Today, the market seems to be showing signs of improvement. According to statistics from the Santa Clara County Association of Realtors, n February, there were 38 new listings, putting the city’s total inventory at 72, down from 86 one year ago, a positive sign. There were 17 Los Altos homes for sale closed upon in February, a significant improvement year-over-year, as there were only six sales in February 2009. These homes spent an average of 55 days on the market before selling, up slightly from 50 one year ago. Sold homes received a median price of $1.64 million, which also showed improvement from a year ago, when the price was $1.48 million, an encouraging sign for those in the market.

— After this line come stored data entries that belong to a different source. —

(* Let $\mathbb{S}=[S_m,S_M]$ with $S_m<S_M$, and let $h$ be a continuously differentiable, monotonically non-decreasing link function (defined on an open interval containing all points at which it is evaluated below) whose range over $\mathbb{S}$ is the compact interval $[h(S_m),h(S_M)]$, with $h(S_M)>h(S_m)$. Fix $w_u$ in the interior of $\mathbb{S}$, a bias $d\in\mathbb{R}$ and a width $\tau>0$, let $\mathbb{S}_u=[w_u-\tau/2,\,w_u+\tau/2]\subset\mathbb{S}$, and let the observed score be $z(w)=w+I_u(w)\,d$, where $I_u(w)=1$ if $w\in\mathbb{S}_u$ and $I_u(w)=0$ otherwise, with $w$ uniformly distributed on $\mathbb{S}$. Suppose the model predicts $\hat z=w+\hat\delta$, where the constant offset $\hat\delta=\hat\delta(\tau,d)$ is optimal for the expected matching loss, i.e. it satisfies $$\int_{S_m}^{S_M}\big[h(w+\hat\delta)-h(z(w))\big]\,dw=0 .$$ Define $\Delta_{\mathrm{BUST}}(w_u)=\lim_{\tau\to0}\frac{1}{\tau}(\hat z-w)=\lim_{\tau\to 0}\hat\delta/\tau$ and $\Delta_{\mathrm{BLUST}}(w_u)=\lim_{\tau\to0,\,d\to0}\frac{1}{d\tau}(\hat z-w)$. Then $$\Delta_{\mathrm{BUST}}(w_u)=\frac{h(w_u+d)-h(w_u)}{h(S_M)-h(S_m)},\qquad \Delta_{\mathrm{BLUST}}(w_u)=\frac{h'(w_u)}{h(S_M)-h(S_m)}.$$
   Context: A link function $h$ with primitive $H$ (so $H'=h$) defines the scalar matching loss $\mathcal{L}_m(\hat s,s)=H(\hat s)-H(s)-(\hat s-s)h(s)=\int_s^{\hat s}[h(z)-h(s)]\,dz$, whose gradient in $\hat s$ is $h(\hat s)-h(s)$. Links are taken monotonically non-decreasing, so the loss is convex in $\hat s$. In the bias-underspecification model, the model has no feature distinguishing $\mathbb{S}_u$ from the rest of $\mathbb{S}$, so it can only predict the collective score shifted by a single constant offset $\hat\delta$, chosen so that the expected gradient of the matching loss (over $w\sim U(\mathbb{S})$) vanishes. *)

theory Defs
  imports "HOL-Analysis.Analysis"
begin

definition I_u :: "real \<Rightarrow> real \<Rightarrow> real \<Rightarrow> real" where
  "I_u wu \<tau> w = (if w \<in> {wu - \<tau>/2 .. wu + \<tau>/2} then 1 else 0)"

definition obs_score :: "real \<Rightarrow> real \<Rightarrow> real \<Rightarrow> real \<Rightarrow> real" where
  "obs_score wu \<tau> d w = w + I_u wu \<tau> w * d"

text \<open>Optimality (vanishing expected gradient of the matching loss) of the offset \<delta>,
  with all evaluation points of h inside the domain I.\<close>
definition optimal_offset ::
  "real set \<Rightarrow> (real \<Rightarrow> real) \<Rightarrow> real \<Rightarrow> real \<Rightarrow> real \<Rightarrow> real \<Rightarrow> real \<Rightarrow> real \<Rightarrow> bool" where
  "optimal_offset I h Sm SM wu \<tau> d \<delta> \<longleftrightarrow>
     {Sm + \<delta> .. SM + \<delta>} \<subseteq> I \<and>
     integral {Sm..SM} (\<lambda>w. h (w + \<delta>) - h (obs_score wu \<tau> d w)) = 0"

end

theory Submission
  imports Defs
begin

(*
  Put F e = integral of h (w + e) over [Sm, SM], and R tau d = integral of h (w + d) - h w over S_u.
  Since h (z w) = h w + I_u w * (h (w + d) - h w), the optimality condition for delta says exactly
  F delta - F 0 = R tau d.  F is monotone with F' 0 = h SM - h Sm > 0, so near 0 it has an inverse
  with Lipschitz constant 2 / (h SM - h Sm), and monotonicity excludes optimal offsets far from 0.
  Hence delta tends to 0 with R, and delta / s has the same limit as (R / s) / (h SM - h Sm) for
  every scale s tending to 0.  It remains to find the limits of R: R / tau is the mean of the
  continuous function h (w + d) - h w over the shrinking window S_u, and R / (d tau) is a mean of
  difference quotients of h, which tend uniformly to h' wu by the mean value inequality.
*)

lemma continuous_on_increment:
  fixes h :: "real \<Rightarrow> real"
  assumes "continuous_on A h" and "{a..b} \<subseteq> A" and "{a + d..b + d} \<subseteq> A"
  shows "continuous_on {a..b} (\<lambda>w. h (w + d) - h w)"
proof (rule continuous_on_diff)
  show "continuous_on {a..b} (\<lambda>w. h (w + d))"
  proof (rule continuous_on_compose2[OF assms(1)])
    show "(\<lambda>w. w + d) ` {a..b} \<subseteq> A"
      using assms(3) by auto
  qed (intro continuous_intros)
  show "continuous_on {a..b} h"
    using assms(1,2) by (rule continuous_on_subset)
qed

lemma centered_integral_average_bound:
  fixes g :: "real \<Rightarrow> real"
  assumes "\<tau> > 0" and cont: "continuous_on {x - \<tau>/2..x + \<tau>/2} g"
    and "\<And>w. w \<in> {x - \<tau>/2..x + \<tau>/2} \<Longrightarrow> \<bar>g w - K\<bar> \<le> B"
  shows "\<bar>integral {x - \<tau>/2..x + \<tau>/2} g / \<tau> - K\<bar> \<le> B"
proof -
  have "norm (integral {x - \<tau>/2..x + \<tau>/2} (\<lambda>w. g w - K)) \<le> B * (x + \<tau>/2 - (x - \<tau>/2))"
    using assms by (intro integral_bound continuous_on_diff continuous_on_const cont) auto
  moreover have "integral {x - \<tau>/2..x + \<tau>/2} (\<lambda>w. g w - K) = integral {x - \<tau>/2..x + \<tau>/2} g - \<tau> * K"
    using \<open>\<tau> > 0\<close> integral_diff[OF integrable_continuous_interval[OF cont] integrable_const_ivl[of K]]
    by simp
  ultimately have "\<bar>integral {x - \<tau>/2..x + \<tau>/2} g - \<tau> * K\<bar> \<le> B * \<tau>"
    by simp
  also have "integral {x - \<tau>/2..x + \<tau>/2} g - \<tau> * K = \<tau> * (integral {x - \<tau>/2..x + \<tau>/2} g / \<tau> - K)"
    using \<open>\<tau> > 0\<close> by (simp add: field_simps)
  finally show ?thesis
    using \<open>\<tau> > 0\<close> by (simp add: abs_mult)
qed

lemma tendsto_centered_integral_average:
  fixes g :: "real \<Rightarrow> real"
  assumes "\<rho> > 0" and "continuous_on {x - \<rho>..x + \<rho>} g"
  shows "((\<lambda>\<tau>. integral {x - \<tau>/2..x + \<tau>/2} g / \<tau>) \<longlongrightarrow> g x) (at_right 0)"
proof (rule tendstoI)
  fix \<epsilon> :: real
  assume "\<epsilon> > 0"
  then obtain \<rho>' where "\<rho>' > 0"
    and near: "\<And>w. w \<in> {x - \<rho>..x + \<rho>} \<Longrightarrow> dist w x < \<rho>' \<Longrightarrow> dist (g w) (g x) < \<epsilon>/2"
    using assms continuous_on_iff[THEN iffD1, rule_format, of _ g x "\<epsilon>/2"] by force
  have "eventually (\<lambda>\<tau>. \<tau> \<in> {0<..<min \<rho> \<rho>'}) (at_right 0)"
    using \<open>\<rho> > 0\<close> \<open>\<rho>' > 0\<close> by (intro eventually_at_right_real) simp
  then show "eventually (\<lambda>\<tau>. dist (integral {x - \<tau>/2..x + \<tau>/2} g / \<tau>) (g x) < \<epsilon>) (at_right 0)"
  proof eventually_elim
    case (elim \<tau>)
    have "\<bar>integral {x - \<tau>/2..x + \<tau>/2} g / \<tau> - g x\<bar> \<le> \<epsilon>/2"
    proof (rule centered_integral_average_bound)
      show "continuous_on {x - \<tau>/2..x + \<tau>/2} g"
        using elim by (intro continuous_on_subset[OF assms(2)]) auto
      show "\<bar>g w - g x\<bar> \<le> \<epsilon>/2" if w: "w \<in> {x - \<tau>/2..x + \<tau>/2}" for w
      proof -
        have "dist w x < \<rho>'"
          using w elim by (auto simp: dist_real_def abs_le_iff)
        then show ?thesis
          using near[of w] w elim by (auto simp: dist_real_def)
      qed
    qed (use elim in auto)
    then show ?case
      using \<open>\<epsilon> > 0\<close> by (simp add: dist_real_def)
  qed
qed

lemma increment_linearization_bound:
  fixes h h' :: "real \<Rightarrow> real"
  assumes deriv: "\<And>y. y \<in> {a..b} \<Longrightarrow> (h has_real_derivative h' y) (at y)"
    and near: "\<And>y. y \<in> {a..b} \<Longrightarrow> \<bar>h' y - h' x\<bar> \<le> B"
    and "w \<in> {a..b}" and "w + d \<in> {a..b}"
  shows "\<bar>h (w + d) - h w - d * h' x\<bar> \<le> B * \<bar>d\<bar>"
proof -
  define g where "g y = h y - h' x * y" for y
  have "(g has_real_derivative h' y - h' x) (at y within {a..b})" if "y \<in> {a..b}" for y
    unfolding g_def
    by (intro DERIV_diff has_field_derivative_at_within[OF deriv[OF that]] DERIV_cmult_Id)
  then have "norm (g (w + d) - g w) \<le> B * norm (w + d - w)"
    using near assms(3,4) by (intro field_differentiable_bound[of "{a..b}"]) auto
  then show ?thesis
    by (simp add: g_def algebra_simps)
qed

lemma centered_increment_average_bound:
  fixes h h' :: "real \<Rightarrow> real"
  assumes "\<tau> > 0" and "d \<noteq> 0"
    and deriv: "\<And>y. y \<in> {a..b} \<Longrightarrow> (h has_real_derivative h' y) (at y)"
    and near: "\<And>y. y \<in> {a..b} \<Longrightarrow> \<bar>h' y - h' x\<bar> \<le> B"
    and window: "{x - \<tau>/2..x + \<tau>/2} \<subseteq> {a..b}" and shifted_window: "{x - \<tau>/2 + d..x + \<tau>/2 + d} \<subseteq> {a..b}"
  shows "\<bar>integral {x - \<tau>/2..x + \<tau>/2} (\<lambda>w. h (w + d) - h w) / (d * \<tau>) - h' x\<bar> \<le> B"
proof -
  have "continuous_on {a..b} h"
    using deriv by (meson DERIV_isCont continuous_at_imp_continuous_on)
  then have "continuous_on {x - \<tau>/2..x + \<tau>/2} (\<lambda>w. h (w + d) - h w)"
    using window shifted_window by (intro continuous_on_increment) auto
  moreover have "\<bar>h (w + d) - h w - d * h' x\<bar> \<le> B * \<bar>d\<bar>" if "w \<in> {x - \<tau>/2..x + \<tau>/2}" for w
  proof (rule increment_linearization_bound[OF deriv near])
    show "w \<in> {a..b}" "w + d \<in> {a..b}"
      using that subsetD[OF window, of w] subsetD[OF shifted_window, of "w + d"] by auto
  qed
  ultimately have "\<bar>integral {x - \<tau>/2..x + \<tau>/2} (\<lambda>w. h (w + d) - h w) / \<tau> - d * h' x\<bar> \<le> B * \<bar>d\<bar>"
    using \<open>\<tau> > 0\<close> by (intro centered_integral_average_bound) auto
  also have "integral {x - \<tau>/2..x + \<tau>/2} (\<lambda>w. h (w + d) - h w) / \<tau> - d * h' x
      = d * (integral {x - \<tau>/2..x + \<tau>/2} (\<lambda>w. h (w + d) - h w) / (d * \<tau>) - h' x)"
    using \<open>d \<noteq> 0\<close> by (simp add: field_simps)
  finally show ?thesis
    using \<open>d \<noteq> 0\<close> by (simp add: abs_mult mult.commute)
qed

The condo market in Los Altos showed some mixed signals. There were two new condo listings posted in February to bring the total inventory to 11, exactly half of what it was one year ago. The month accounted for three condo sales, an improvement on just one last year, after spending an average of 58 days on the market in 2010, compared with 61 days in 2009. The median price for a condo sold in Los Altos came out to $780,000, the one area where the trend is still sloping downward, as last year’s median price was $925,000.

The year 2009 saw 269 homes and 39 condos sell in Los Altos. The yearly average saw homes spend 65 days on the market, and condos, 79. The median price for homes sold in Los Altos in 2009 was $1.5 million, and the median condo price was $760,000. Homes received, on average, 95.4% of their asking prices, while condos received 94.9%.